Where a line of the records contains the word "blast", show that line.

Given information —
+ + +

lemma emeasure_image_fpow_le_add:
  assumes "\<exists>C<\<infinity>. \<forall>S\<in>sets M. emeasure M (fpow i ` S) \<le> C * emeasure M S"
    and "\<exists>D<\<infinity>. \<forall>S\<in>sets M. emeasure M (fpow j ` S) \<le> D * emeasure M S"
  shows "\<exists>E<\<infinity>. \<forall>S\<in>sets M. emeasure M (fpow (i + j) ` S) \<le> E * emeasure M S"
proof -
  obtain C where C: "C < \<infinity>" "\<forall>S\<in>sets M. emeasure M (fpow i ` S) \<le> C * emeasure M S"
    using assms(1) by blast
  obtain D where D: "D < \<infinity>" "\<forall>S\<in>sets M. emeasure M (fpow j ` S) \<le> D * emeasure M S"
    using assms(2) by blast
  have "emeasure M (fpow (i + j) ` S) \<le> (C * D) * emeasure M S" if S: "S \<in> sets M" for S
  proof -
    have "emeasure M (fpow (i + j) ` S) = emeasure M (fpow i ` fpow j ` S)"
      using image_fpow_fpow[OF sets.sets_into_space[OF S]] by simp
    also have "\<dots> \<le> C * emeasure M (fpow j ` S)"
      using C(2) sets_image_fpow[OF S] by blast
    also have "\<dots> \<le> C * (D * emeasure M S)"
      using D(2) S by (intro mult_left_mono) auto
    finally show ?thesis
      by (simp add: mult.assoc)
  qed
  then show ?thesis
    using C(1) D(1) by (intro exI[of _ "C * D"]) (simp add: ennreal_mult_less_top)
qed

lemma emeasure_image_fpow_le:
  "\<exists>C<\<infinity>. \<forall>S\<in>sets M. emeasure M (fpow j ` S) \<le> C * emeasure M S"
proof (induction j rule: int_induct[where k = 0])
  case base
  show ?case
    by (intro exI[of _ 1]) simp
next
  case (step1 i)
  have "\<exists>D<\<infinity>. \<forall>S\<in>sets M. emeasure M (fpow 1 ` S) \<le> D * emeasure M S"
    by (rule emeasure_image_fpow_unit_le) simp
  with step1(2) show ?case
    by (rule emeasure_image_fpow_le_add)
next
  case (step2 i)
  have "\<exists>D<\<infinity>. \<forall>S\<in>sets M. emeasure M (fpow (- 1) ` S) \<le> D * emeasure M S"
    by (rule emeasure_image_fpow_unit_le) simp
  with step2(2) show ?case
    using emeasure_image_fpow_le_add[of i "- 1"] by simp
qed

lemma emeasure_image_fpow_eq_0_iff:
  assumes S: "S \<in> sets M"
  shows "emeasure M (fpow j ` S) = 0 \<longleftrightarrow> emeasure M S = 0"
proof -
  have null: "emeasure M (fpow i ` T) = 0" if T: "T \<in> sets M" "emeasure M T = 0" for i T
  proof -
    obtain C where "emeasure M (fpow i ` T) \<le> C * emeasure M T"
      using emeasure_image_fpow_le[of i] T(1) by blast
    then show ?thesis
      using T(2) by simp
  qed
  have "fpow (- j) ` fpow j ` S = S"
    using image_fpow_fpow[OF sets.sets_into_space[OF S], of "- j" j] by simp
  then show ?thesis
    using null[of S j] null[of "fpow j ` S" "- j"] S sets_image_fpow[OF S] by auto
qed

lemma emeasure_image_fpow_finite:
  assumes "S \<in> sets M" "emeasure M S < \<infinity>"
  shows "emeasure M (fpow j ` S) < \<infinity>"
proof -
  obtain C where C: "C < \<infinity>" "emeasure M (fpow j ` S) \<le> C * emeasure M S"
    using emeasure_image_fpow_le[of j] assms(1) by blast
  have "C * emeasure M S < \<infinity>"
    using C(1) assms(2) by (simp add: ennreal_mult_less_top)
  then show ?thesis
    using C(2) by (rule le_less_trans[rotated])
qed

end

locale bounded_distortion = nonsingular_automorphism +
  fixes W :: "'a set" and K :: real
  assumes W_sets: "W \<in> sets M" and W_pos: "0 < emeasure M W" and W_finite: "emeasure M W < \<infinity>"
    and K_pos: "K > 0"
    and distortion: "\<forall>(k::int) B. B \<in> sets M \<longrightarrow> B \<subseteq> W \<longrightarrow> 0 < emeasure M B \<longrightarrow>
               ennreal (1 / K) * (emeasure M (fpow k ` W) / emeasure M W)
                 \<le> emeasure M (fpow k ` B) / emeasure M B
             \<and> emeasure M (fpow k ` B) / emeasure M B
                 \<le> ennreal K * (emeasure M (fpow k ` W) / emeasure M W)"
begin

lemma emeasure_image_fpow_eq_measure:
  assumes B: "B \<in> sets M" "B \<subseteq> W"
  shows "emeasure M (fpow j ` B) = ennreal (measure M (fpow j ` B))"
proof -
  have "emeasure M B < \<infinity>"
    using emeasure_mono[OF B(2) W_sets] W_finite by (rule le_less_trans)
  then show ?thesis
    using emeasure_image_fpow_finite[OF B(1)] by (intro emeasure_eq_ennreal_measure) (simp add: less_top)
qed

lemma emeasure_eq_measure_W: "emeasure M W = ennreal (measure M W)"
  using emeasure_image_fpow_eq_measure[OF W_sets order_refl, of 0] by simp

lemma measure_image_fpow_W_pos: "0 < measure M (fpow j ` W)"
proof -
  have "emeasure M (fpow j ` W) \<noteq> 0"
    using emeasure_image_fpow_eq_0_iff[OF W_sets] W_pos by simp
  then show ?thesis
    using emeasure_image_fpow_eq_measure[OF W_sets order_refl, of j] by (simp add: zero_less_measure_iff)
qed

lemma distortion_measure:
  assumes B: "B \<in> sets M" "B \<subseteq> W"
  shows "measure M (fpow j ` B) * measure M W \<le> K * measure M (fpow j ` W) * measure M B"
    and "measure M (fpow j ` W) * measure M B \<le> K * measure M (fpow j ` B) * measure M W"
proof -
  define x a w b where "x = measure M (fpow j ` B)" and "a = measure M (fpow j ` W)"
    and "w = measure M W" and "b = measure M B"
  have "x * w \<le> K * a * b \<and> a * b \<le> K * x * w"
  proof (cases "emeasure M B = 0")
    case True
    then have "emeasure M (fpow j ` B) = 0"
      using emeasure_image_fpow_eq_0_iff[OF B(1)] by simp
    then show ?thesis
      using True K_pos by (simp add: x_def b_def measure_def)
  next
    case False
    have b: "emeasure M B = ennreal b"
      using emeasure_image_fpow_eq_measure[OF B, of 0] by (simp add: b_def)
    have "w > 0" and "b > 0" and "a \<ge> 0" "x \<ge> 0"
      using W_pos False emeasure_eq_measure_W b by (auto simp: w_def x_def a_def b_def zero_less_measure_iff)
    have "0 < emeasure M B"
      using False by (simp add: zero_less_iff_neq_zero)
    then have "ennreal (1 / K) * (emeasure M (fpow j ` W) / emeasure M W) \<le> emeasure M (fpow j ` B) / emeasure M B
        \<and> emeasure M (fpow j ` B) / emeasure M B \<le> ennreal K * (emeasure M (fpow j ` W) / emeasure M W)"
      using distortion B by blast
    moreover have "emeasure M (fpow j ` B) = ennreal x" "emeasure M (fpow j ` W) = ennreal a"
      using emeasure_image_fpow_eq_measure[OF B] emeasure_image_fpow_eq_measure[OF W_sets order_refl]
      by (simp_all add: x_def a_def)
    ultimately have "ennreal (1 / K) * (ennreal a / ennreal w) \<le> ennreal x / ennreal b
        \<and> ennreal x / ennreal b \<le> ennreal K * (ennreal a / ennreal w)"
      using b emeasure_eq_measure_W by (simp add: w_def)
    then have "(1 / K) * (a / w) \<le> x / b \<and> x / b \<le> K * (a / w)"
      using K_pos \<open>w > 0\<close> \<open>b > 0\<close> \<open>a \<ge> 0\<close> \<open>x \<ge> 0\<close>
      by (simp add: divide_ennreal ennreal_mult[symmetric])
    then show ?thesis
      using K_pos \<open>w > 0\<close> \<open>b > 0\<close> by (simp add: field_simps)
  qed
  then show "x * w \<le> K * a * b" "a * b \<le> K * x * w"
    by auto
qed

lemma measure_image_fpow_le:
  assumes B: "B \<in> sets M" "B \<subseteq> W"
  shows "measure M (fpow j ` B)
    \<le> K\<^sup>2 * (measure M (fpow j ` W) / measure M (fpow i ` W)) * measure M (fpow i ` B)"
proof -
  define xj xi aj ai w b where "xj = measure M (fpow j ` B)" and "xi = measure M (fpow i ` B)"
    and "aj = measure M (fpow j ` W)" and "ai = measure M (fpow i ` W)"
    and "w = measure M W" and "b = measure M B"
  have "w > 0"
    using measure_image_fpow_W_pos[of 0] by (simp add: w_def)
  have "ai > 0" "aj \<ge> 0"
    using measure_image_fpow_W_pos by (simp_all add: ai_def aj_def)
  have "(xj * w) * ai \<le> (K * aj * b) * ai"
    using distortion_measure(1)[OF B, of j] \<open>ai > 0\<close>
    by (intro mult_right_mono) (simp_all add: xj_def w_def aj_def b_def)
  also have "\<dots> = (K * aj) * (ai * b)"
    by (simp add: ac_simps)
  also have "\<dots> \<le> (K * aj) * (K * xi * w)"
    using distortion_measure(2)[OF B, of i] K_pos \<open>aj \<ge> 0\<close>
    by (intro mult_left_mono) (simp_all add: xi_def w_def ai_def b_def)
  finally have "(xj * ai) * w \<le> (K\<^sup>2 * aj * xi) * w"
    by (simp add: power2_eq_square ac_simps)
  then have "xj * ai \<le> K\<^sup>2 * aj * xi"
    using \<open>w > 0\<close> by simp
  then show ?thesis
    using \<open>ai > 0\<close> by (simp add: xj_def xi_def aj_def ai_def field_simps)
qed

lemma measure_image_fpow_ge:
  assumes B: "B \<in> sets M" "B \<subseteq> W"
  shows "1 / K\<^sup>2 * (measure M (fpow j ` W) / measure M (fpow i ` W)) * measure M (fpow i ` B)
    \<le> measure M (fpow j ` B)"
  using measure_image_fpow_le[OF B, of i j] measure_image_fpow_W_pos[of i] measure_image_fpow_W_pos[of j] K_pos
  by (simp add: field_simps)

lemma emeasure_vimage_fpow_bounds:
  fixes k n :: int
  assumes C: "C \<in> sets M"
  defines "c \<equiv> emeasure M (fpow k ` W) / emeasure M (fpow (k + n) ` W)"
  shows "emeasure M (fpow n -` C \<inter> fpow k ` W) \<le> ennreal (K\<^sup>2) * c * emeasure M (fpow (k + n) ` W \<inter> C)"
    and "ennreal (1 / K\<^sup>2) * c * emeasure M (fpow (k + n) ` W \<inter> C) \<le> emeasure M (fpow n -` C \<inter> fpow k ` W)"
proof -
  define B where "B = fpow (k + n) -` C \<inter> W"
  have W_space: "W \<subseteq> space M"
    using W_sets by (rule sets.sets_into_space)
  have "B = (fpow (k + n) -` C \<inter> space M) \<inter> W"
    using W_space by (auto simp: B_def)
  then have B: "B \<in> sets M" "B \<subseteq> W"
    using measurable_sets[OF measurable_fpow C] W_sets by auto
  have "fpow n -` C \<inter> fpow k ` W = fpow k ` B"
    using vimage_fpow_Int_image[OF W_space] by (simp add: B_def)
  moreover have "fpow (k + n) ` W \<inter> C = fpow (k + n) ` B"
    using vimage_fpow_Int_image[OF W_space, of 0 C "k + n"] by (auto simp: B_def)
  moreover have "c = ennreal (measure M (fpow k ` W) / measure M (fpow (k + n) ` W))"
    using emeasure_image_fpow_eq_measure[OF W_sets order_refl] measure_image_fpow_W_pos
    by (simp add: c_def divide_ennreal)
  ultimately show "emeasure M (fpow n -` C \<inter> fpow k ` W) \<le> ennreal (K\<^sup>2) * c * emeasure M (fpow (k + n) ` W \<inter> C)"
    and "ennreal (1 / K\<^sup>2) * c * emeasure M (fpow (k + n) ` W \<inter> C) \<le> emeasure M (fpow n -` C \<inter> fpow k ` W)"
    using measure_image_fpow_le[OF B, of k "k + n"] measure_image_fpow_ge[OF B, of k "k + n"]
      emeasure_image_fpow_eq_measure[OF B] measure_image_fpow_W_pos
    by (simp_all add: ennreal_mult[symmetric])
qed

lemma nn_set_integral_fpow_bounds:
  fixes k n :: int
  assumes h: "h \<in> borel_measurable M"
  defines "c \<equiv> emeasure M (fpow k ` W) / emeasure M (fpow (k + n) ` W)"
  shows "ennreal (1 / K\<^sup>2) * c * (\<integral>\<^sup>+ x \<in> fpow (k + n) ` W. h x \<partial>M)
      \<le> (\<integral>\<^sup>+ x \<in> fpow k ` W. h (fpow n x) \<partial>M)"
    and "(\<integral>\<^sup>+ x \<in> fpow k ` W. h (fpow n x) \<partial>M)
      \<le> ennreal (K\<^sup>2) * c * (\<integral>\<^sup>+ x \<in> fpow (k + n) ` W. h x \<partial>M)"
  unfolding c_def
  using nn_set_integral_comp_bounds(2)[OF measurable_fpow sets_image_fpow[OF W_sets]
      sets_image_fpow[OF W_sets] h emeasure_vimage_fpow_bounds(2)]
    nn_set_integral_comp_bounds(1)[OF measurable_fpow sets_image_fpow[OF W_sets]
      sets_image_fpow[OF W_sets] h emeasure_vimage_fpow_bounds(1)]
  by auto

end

+ + +

Task solution —
    using assms(1) by blast
    using assms(2) by blast
      using C(2) sets_image_fpow[OF S] by blast
      using emeasure_image_fpow_le[of i] T(1) by blast
    using emeasure_image_fpow_le[of j] assms(1) by blast
      using distortion B by blast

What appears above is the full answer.